The main risk, according to physicist Ferenc Dalknoi-Veress of the US-based James Martin Center for Nonproliferation Studies, is that an earthquake could knock out the site's cooling system for a prolonged period of time.
"The question is, are [Armenia's] steps adequate?" he wrote in an e-mail to Deutsche Welle. "I would argue that building reactors in a seismic area is not a good idea regardless of the protections, which are all to buy time until cooling can be restarted."
In response to such concerns, the European Union's executive offered Armenia up to 138 million euros ($198 million) in 2000 to decommission the plant. Armenia turned down the European Commission's offer, saying the funds were insufficient.
New, bigger plant
The government is waiting until 2016 to shut down the old plant – the limit of the current reactor's intended lifespan. By that time, the Armenian government wants to have a new plant near completion.
Authorities plan to install a VVER-1000 reactor, a newer model of pressurized water reactor with more than three times the capacity of the old one.
A joint Armenian-Russian company has been set up to build the new power plant, but given Armenia's limited wealth, most of the project's financing is expected to come from Russia.
Sanasaryan doubts the plant will solve Armenia's energy problems, and thinks foreign investors will benefit at Armenians' risk.
"It won't be an Armenian plant, a plant that belongs to Armenia," he said. "It will just be a plant that is constructed on the territory of Armenia."
Regional power
Deputy Energy Secretary Galstyan said "in the middle term" Armenia could sell surplus electricity from its new, 1,000 megawatt plant to Georgian and Iran.
"We started and even signed an agreement with a company that was ready to supply electricity from Armenia to Turkey," he said. "But because of political problems, that's why the agreement was not enforced."

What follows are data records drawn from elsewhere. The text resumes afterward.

(* Let $k$ be a positive integer or $k=\infty$, let $m\ge1$, and let $\lambda=(\lambda_1,\dots,\lambda_m)$, $\mu=(\mu_1,\dots,\mu_m)$ be integer sequences with $\mu_i\le\lambda_i$ for all $i$, where $\mu$ is decreasing and all $\mu_i$ are even. Suppose either (a) $\lambda$ is increasing and all $\lambda_i$ are odd, or (b) $\lambda$ is decreasing and all $\lambda_i$ are even. Then the generating function $\sum_{\mathcal T}w_{AV}(\mathcal T)$ over all alternating tableaux $\mathcal T$ of shape $\lambda/\mu$ with all entries in $\{1,\dots,k\}$ (all positive integers if $k=\infty$) equals $$\det\Big(\mathrm{GF}\big(\mathcal A_{\lambda_j-\mu_i}^{(k)};w_{AV}\big)\Big)_{1\le i,j\le m}.$$
   Context: An alternating tableau of shape $\lambda/\mu$ (with $\mu_i$ even, $\mu_i\le\lambda_i$) is an array of integers $(a_{i,j})$, $1\le i\le m$, $\mu_i<j\le\lambda_i$ (row $i$ occupies columns $\mu_i+1,\dots,\lambda_i$), such that $a_{i,2j-1}\le a_{i,2j}$ and $a_{i,2j}\ge a_{i,2j+1}$, and $a_{i+1,2j}<a_{i,2j+1}>a_{i+1,2j+2}$, for all $i,j$ whenever the entries involved are defined. With indeterminates $A_1,A_2,\dots,V_1,V_2,\dots$, the weight is $w_{AV}(\mathcal T)=\prod_{i,j}A_{a_{i,2j}}V_{a_{i,2j-1}}$ (entries in even columns give $A$'s, in odd columns $V$'s). $\mathcal A_n^{(k)}$ is the set of integer sequences $(a_1,\dots,a_n)$ with entries in $\{1,\dots,k\}$ and $a_1\le a_2\ge a_3\le a_4\ge\cdots$; its weight is $w_{AV}=\prod_i A_{a_{2i}}\prod_i V_{a_{2i-1}}$; $\mathcal A_0^{(k)}$ consists of the empty sequence (weight $1$) and $\mathcal A_n^{(k)}=\emptyset$ for $n<0$. $\mathrm{GF}(\mathcal O;w)=\sum_{t\in\mathcal O}w(t)$; for $k=\infty$ these are formal power series. *)

theory Defs
  imports "HOL-Library.Multiset" "HOL-Library.Extended_Nat" "HOL-Combinatorics.Permutations"
begin

text \<open>Formal power series in the commuting indeterminates A_1, A_2, ... and V_1, V_2, ...
  with integer coefficients.  A monomial prod_a A_a^(e_a) prod_v V_v^(f_v) is encoded by the
  pair of multisets (A-indices, V-indices); a series is its coefficient function.\<close>

type_synonym monom = "int multiset \<times> int multiset"
type_synonym gfs = "monom \<Rightarrow> int"

definition gf_one :: gfs where
  "gf_one M = (if M = ({#}, {#}) then 1 else 0)"

text \<open>Product of formal power series (Cauchy product; the set of splittings is finite).\<close>
definition gf_mult :: "gfs \<Rightarrow> gfs \<Rightarrow> gfs" where
  "gf_mult f g M = (\<Sum>(M1, M2) \<in> {(M1, M2). fst M1 + fst M2 = fst M \<and> snd M1 + snd M2 = snd M}. f M1 * g M2)"

definition gf_prod_list :: "gfs list \<Rightarrow> gfs" where
  "gf_prod_list fs = foldr gf_mult fs gf_one"

definition gf_det :: "nat \<Rightarrow> (nat \<Rightarrow> nat \<Rightarrow> gfs) \<Rightarrow> gfs" where
  "gf_det m F M = (\<Sum>\<sigma> \<in> {\<sigma>. \<sigma> permutes {1..m}}.
      sign \<sigma> * gf_prod_list (map (\<lambda>i. F i (\<sigma> i)) [1..<m+1]) M)"

definition in_range :: "enat \<Rightarrow> int \<Rightarrow> bool" where
  "in_range k x \<longleftrightarrow> 1 \<le> x \<and> (case k of enat n \<Rightarrow> x \<le> int n | \<infinity> \<Rightarrow> True)"

text \<open>Alternating sequences A_n^(k): lists (a_1,...,a_n) (stored 0-indexed) with
  a_1 \<le> a_2 \<ge> a_3 \<le> a_4 \<ge> ...; empty for n < 0.\<close>
definition alt_seqs :: "enat \<Rightarrow> int \<Rightarrow> int list set" where
  "alt_seqs k n = {s. int (length s) = n \<and> (\<forall>x \<in> set s. in_range k x) \<and>
      (\<forall>p. Suc p < length s \<longrightarrow>
         (if even p then s ! p \<le> s ! Suc p else s ! p \<ge> s ! Suc p))}"
lemma compact_Sg_zero:
  assumes g: "g holomorphic_on ball 0 1" and g0: "\<forall>z\<in>ball 0 1. g z = 0"
  shows "compact_Sg a 0 g"
  unfolding compact_Sg_def
proof (intro conjI ballI allI impI)
  have "Sg g f \<in> Hinf 0" if "f holomorphic_on ball 0 1" for f
    using Sg_eq_0[OF g0] by (intro HinfI[OF Sg_holomorphic[OF that g], where M = 0]) auto
  then show "Sg g f \<in> Hinf 0" if "f \<in> Hinf a" for f
    using Hinf_holomorphic[OF that] .
  have zero: "(\<lambda>z. 0) \<in> Hinf 0"
    by (intro HinfI[where M = 0]) auto
  fix F :: "nat \<Rightarrow> complex \<Rightarrow> complex"
  have "wnorm 0 (\<lambda>z. Sg g (F n) z - 0) = 0" for n
    using wnorm_le[of 0 "\<lambda>z. Sg g (F n) z - 0" 0] wnorm_nonneg[OF zero] Sg_eq_0[OF g0]
    by (simp add: wnorm_def)
  then show "\<exists>r h. strict_mono r \<and> h \<in> Hinf 0 \<and> (\<lambda>n. wnorm 0 (\<lambda>z. Sg g (F (r n)) z - h z)) \<longlonglongrightarrow> 0"
    using zero by (intro exI[of _ id] exI[of _ "\<lambda>z. 0"]) (simp add: strict_mono_def)
qed

theorem theorem5:
  fixes g :: "complex \<Rightarrow> complex" and \<alpha> \<beta> :: real
  assumes "g holomorphic_on ball 0 1" and "\<alpha> \<ge> 0" and "\<beta> \<ge> 0"
  shows "(compact_Sg \<alpha> 0 g \<longleftrightarrow> (\<forall>z\<in>ball 0 1. g z = 0)) \<and>
         (\<beta> > 0 \<longrightarrow>
            (compact_Sg \<alpha> \<beta> g \<longleftrightarrow>
               (\<forall>\<epsilon>>0. \<exists>r<1. \<forall>z. r < cmod z \<and> cmod z < 1 \<longrightarrow>
                   (1 - (cmod z)\<^sup>2) powr (\<beta> - \<alpha>) * cmod (g z) < \<epsilon>)))"
proof (intro conjI impI iffI)
  assume "compact_Sg \<alpha> 0 g"
  then have "vanishes_at_circle (\<lambda>z. (1 - (cmod z)\<^sup>2) powr (0 - \<alpha>) * cmod (g z))"
    by (rule vanishing_if_compact_Sg[OF assms(1,2) order_refl])
  then have "vanishes_at_circle (\<lambda>z. cmod (g z))"
    by (rule vanishes_at_circle_mono)
      (simp add: mult_le_cancel_right1 one_le_disk_weight_powr_neg[OF _ assms(2)])
  then show "\<forall>z\<in>ball 0 1. g z = 0"
    using holomorphic_vanishing_at_circle_eq_0[OF assms(1)] by blast
next
  show "\<forall>z\<in>ball 0 1. g z = 0 \<Longrightarrow> compact_Sg \<alpha> 0 g"
    by (rule compact_Sg_zero[OF assms(1)])
next
  show "compact_Sg \<alpha> \<beta> g \<Longrightarrow> \<forall>\<epsilon>>0. \<exists>r<1. \<forall>z. r < cmod z \<and> cmod z < 1 \<longrightarrow>
      (1 - (cmod z)\<^sup>2) powr (\<beta> - \<alpha>) * cmod (g z) < \<epsilon>"
    using vanishing_if_compact_Sg[OF assms] by (simp add: vanishes_at_circle_def)
  show "compact_Sg \<alpha> \<beta> g" if "\<beta> > 0" and "\<forall>\<epsilon>>0. \<exists>r<1. \<forall>z. r < cmod z \<and> cmod z < 1 \<longrightarrow>
      (1 - (cmod z)\<^sup>2) powr (\<beta> - \<alpha>) * cmod (g z) < \<epsilon>"
    using compact_Sg_if_vanishing[OF assms(1,2) that(1)] that(2)
    by (simp add: vanishes_at_circle_def)
qed

end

Officials in Turkey, Georgia and Azerbaijan have voiced concern that Armenia's current plant poses a threat to the region, with some of them calling for it to be closed.
To assuage its critics, Armenia invited a team of experts from the International Atomic Energy Agency (IAEA) to investigate Metsamor from late May to early June.

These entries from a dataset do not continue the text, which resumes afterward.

lemma trial_parameters_bounded:
  "j \<le> J t \<Longrightarrow> Lmin \<le> TLf t j \<and> TLf t j \<le> Lf_max \<and>
     (\<exists>k. TLg t j = tau^k *\<^sub>R TLg t 0 \<and> tau^k \<le> Lg_growth_max)"
proof (induction j)
  case 0
  have "TLg t 0 = tau^0 *\<^sub>R TLg t 0 \<and> tau^0 \<le> Lg_growth_max" by (simp add: Lg_growth_max_def)
  hence "\<exists>k. TLg t 0 = tau^k *\<^sub>R TLg t 0 \<and> tau^k \<le> Lg_growth_max" by blast
  thus ?case using trace_step[of t] by (auto simp: Lf_max_def)
next
  case (Suc j)
  hence j: "j < J t"
    and IH: "Lmin \<le> TLf t j" "TLf t j \<le> Lf_max" "\<exists>k. TLg t j = tau^k *\<^sub>R TLg t 0 \<and> tau^k \<le> Lg_growth_max"
    by auto
  obtain k where k: "TLg t j = tau^k *\<^sub>R TLg t 0" using IH(3) by blast
  have rejected: "\<not> accept f P1 P2 g c (x t) (Tx t j)"
    and sol: "solves_sub gradf P1 g gradg (x t) (xi t) (TLf t j) (TLg t j) (Tx t j)"
    using trace_step[of t] j by auto
  show ?case
  proof (cases "feas g (Tx t j)")
    case False
    hence upd: "TLg t (Suc j) = tau *\<^sub>R TLg t j" "TLf t (Suc j) = TLf t j"
      using trace_step[of t] j by auto
    obtain i where i: "TLg t j $ i < 2 * Lgl i" using feas_if_Lg_large[OF sol] False by (meson not_le)
    have "tau^k * Lmin \<le> tau^k * TLg t 0 $ i" using trace_step[of t] params by (intro mult_left_mono) auto
    also have "\<dots> < 2 * Lgl i" using i k by simp
    also have "\<dots> \<le> 2 * (\<Sum>i\<in>UNIV. Lgl i)"
      using member_le_sum[of i UNIV Lgl] gradg_lipschitz(1) by auto
    finally have "tau * tau^k \<le> tau * (2 * (\<Sum>i\<in>UNIV. Lgl i) / Lmin)"
      using params by (intro mult_left_mono) (auto simp: field_simps)
    hence "TLg t (Suc j) = tau^(Suc k) *\<^sub>R TLg t 0 \<and> tau^(Suc k) \<le> Lg_growth_max"
      using upd k by (simp add: Lg_growth_max_def)
    hence "\<exists>k. TLg t (Suc j) = tau^k *\<^sub>R TLg t 0 \<and> tau^k \<le> Lg_growth_max" by blast
    thus ?thesis using IH by (simp add: upd(2))
  next
    case True
    hence upd: "TLf t (Suc j) = tau * TLf t j" "TLg t (Suc j) = TLg t j"
      using trace_step[of t] j by auto
    have "TLf t j < 2 * Lfl + c"
    proof (rule ccontr)
      assume "\<not> ?thesis"
      hence "obj (Tx t j) \<le> obj (x t) - c/2 * (norm (Tx t j - x t))\<^sup>2"
        by (intro decrease_if_Lf_large[OF sol]) auto
      with True rejected show False by (simp add: accept_def obj_def)
    qed
    hence "tau * TLf t j \<le> Lf_max"
      using params by (simp add: Lf_max_def max.coboundedI2)
    moreover have "TLf t j \<le> tau * TLf t j" using IH params by simp
    ultimately show ?thesis using upd IH by auto
  qed
qed

lemma Lf_bounds: "Lmin \<le> Lf t" "Lf t \<le> Lf_max"
  using trial_parameters_bounded[of "J t" t] trace_step[of t] by auto

lemma Lg_bounds: "Lmin \<le> Lg t $ i" "Lg t $ i \<le> Lg_max"
proof -
  obtain k where k: "Lg t = tau^k *\<^sub>R TLg t 0" "tau^k \<le> Lg_growth_max"
    using trial_parameters_bounded[of "J t" t] trace_step[of t] by auto
  have t1: "1 \<le> tau^k" using params by simp
  have tl: "Lmin \<le> TLg t 0 $ i" "TLg t 0 $ i \<le> Lmax" using trace_step[of t] by auto
  have "1 * Lmin \<le> tau^k * TLg t 0 $ i" using t1 tl params by (intro mult_mono) auto
  thus "Lmin \<le> Lg t $ i" using k by simp
  have "tau^k * TLg t 0 $ i \<le> Lg_growth_max * Lmax" using k tl t1 params by (intro mult_mono) (auto simp: Lg_growth_max_def)
  thus "Lg t $ i \<le> Lg_max" using k by (simp add: Lg_max_def)
qed

lemma Lg_nonneg: "0 \<le> Lg t $ i"
  using Lg_bounds(1) params by (meson less_imp_le order_trans)

lemma Lf_max_pos: "Lf_max > 0"
proof -
  have "0 < tau * (2 * Lfl + c)" using params gradf_lipschitz(1) by simp
  thus ?thesis unfolding Lf_max_def by (rule less_le_trans[OF _ max.cobounded2])
qed

lemma Lg_max_pos: "Lg_max > 0"
proof -
  have "0 < Lmax" using trace_step[of 0] params by linarith
  moreover have "0 < Lg_growth_max" by (simp add: Lg_growth_max_def)
  ultimately show ?thesis by (simp add: Lg_max_def)
qed

lemma norm_Lg_le: "norm (Lg t) \<le> of_nat CARD('m) * Lg_max"
proof -
  have "norm (Lg t) \<le> (\<Sum>i\<in>UNIV. \<bar>Lg t $ i\<bar>)" by (rule norm_le_l1_cart)
  also have "\<dots> \<le> of_nat CARD('m) * Lg_max"
    using Lg_bounds Lg_nonneg by (intro sum_bounded_above) (simp add: abs_of_nonneg)
  finally show ?thesis .
qed

lemma obj_le_initial: "obj (x t) \<le> obj (x 0)"
proof (induction t)
  case (Suc t)
  have "0 \<le> c/2 * (norm (x (Suc t) - x t))\<^sup>2" using params by simp
  thus ?case using obj_decrease[of t] Suc by linarith
qed simp

lemma iterates_bounded: "bounded (range x)"
proof -
  have "x t \<in> {z. Fobj f P1 P2 g z \<le> ereal (obj (x 0))}" for t
    using feas_iterate[of t] obj_le_initial[of t] by (simp add: Fobj_def obj_def)
  hence "range x \<subseteq> {z. Fobj f P1 P2 g z \<le> ereal (obj (x 0))}" by blast
  thus ?thesis by (rule bounded_subset[OF level_bounded, rotated])
qed

lemma successive_differences_tendsto_0: "(\<lambda>t. x (Suc t) - x t) \<longlonglongrightarrow> 0"
proof -
  obtain R where R: "\<And>t. norm (x t) \<le> R" using iterates_bounded by (auto simp: bounded_iff)
  obtain M where M: "\<And>z. norm z \<le> R \<Longrightarrow> norm (obj z) \<le> M"
    using continuous_on_UNIV_bounded_on_cball[OF obj_cont] by blast
  let ?a = "\<lambda>t. c/2 * (norm (x (Suc t) - x t))\<^sup>2"
  have "summable ?a"
  proof (rule summableI_nonneg_bounded)
    show "0 \<le> ?a n" for n using params by simp
    have "?a i \<le> obj (x i) - obj (x (Suc i))" for i using obj_decrease[of i] by linarith
    hence "(\<Sum>i<n. ?a i) \<le> (\<Sum>i<n. obj (x i) - obj (x (Suc i)))" for n by (intro sum_mono)
    also have "\<dots> n = obj (x 0) - obj (x n)" for n by (rule sum_lessThan_telescope')
    also have "\<dots> n \<le> obj (x 0) + M" for n using M[OF R[of n]] by (simp add: abs_le_iff)
    finally show "(\<Sum>i<n. ?a i) \<le> obj (x 0) + M" for n .
  qed
  hence "(\<lambda>t. (2/c) * ?a t) \<longlonglongrightarrow> (2/c) * 0" by (intro tendsto_mult tendsto_const summable_LIMSEQ_zero)
  hence "(\<lambda>t. (norm (x (Suc t) - x t))\<^sup>2) \<longlonglongrightarrow> 0" using params by simp
  hence "(\<lambda>t. sqrt ((norm (x (Suc t) - x t))\<^sup>2)) \<longlonglongrightarrow> sqrt 0" by (intro tendsto_intros)
  thus ?thesis by (simp add: tendsto_norm_zero_iff)
qed

lemma xi_bounded: "bounded (range xi)"
proof -
  obtain R where R: "\<And>t. norm (x t) \<le> R" using iterates_bounded by (auto simp: bounded_iff)
  obtain M where M: "\<And>z. norm z \<le> R + 1 \<Longrightarrow> norm (P2 z) \<le> M"
    using continuous_on_UNIV_bounded_on_cball[OF P2_cont] by blast
  have "norm (xi t) \<le> 2 * M" for t
  proof (cases "xi t = 0")
    case True
    thus ?thesis using M[of "x t"] R[of t] by simp
  next
    case False
    define u where "u = (1 / norm (xi t)) *\<^sub>R xi t"
    have "norm u = 1" "xi t \<bullet> u = norm (xi t)"
      using False by (simp_all add: u_def dot_square_norm power2_eq_square)
    hence "norm (xi t) \<le> P2 (x t + u) - P2 (x t)" using xi_subgradient[of t "x t + u"] by simp
    also have "\<dots> \<le> M + M"
      using M[of "x t + u"] M[of "x t"] R[of t] norm_triangle_ineq[of "x t" u] \<open>norm u = 1\<close>
      by (simp add: abs_le_iff)
    finally show ?thesis by simp
  qed
  thus ?thesis by (auto simp: bounded_iff)
qed

lemma step_slater_point: "\<exists>z. \<forall>i. Gbar g gradg z (x t) (Lg t) i < 0"
  using mfcq_direction[OF feas_iterate[of t]] Lg_nonneg
  by (blast intro: mfcq_Gbar_slater_point[OF feas_iterate])

definition kkt_multiplier :: "nat \<Rightarrow> real^'m" where
  "kkt_multiplier t = (SOME \<mu>. (\<forall>i. 0 \<le> \<mu> $ i \<and> \<mu> $ i * Gbar g gradg (x (Suc t)) (x t) (Lg t) i = 0) \<and>
     (\<forall>z. sub_obj gradf P1 (x t) (xi t) (Lf t) (x (Suc t))
            \<le> sub_obj gradf P1 (x t) (xi t) (Lf t) z + (\<Sum>i\<in>UNIV. \<mu> $ i * Gbar g gradg z (x t) (Lg t) i)))"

The team suggested a number of safety improvements, but concluded that the site had no "extraordinary" problems.
Sanasaryan dismissed the findings, saying the IAEA is dedicated to promoting nuclear power, not ensuring its safety.
Meanwhile, Armenia has agreed to give Metsamor a "stress tes" with parameters set earlier this year by the European Union's executive.
"If it turns out adjustments must be made, they will do that," Marlene Holzner, a spokesperson for the EU's Energy Commissioner, told Deutsche Welle. "If we get a request for co-funding, we can also co-finance" such adjustments.
Holzener said Armenian and EU officials were still working out technical details of the test. She added that after a summer pause, they would likely meet again in the fall, but that no date had been set for the test.
The Armenian Energy Ministry's spokeswoman said, however, on 23 July that the stress tests had started and could last several months.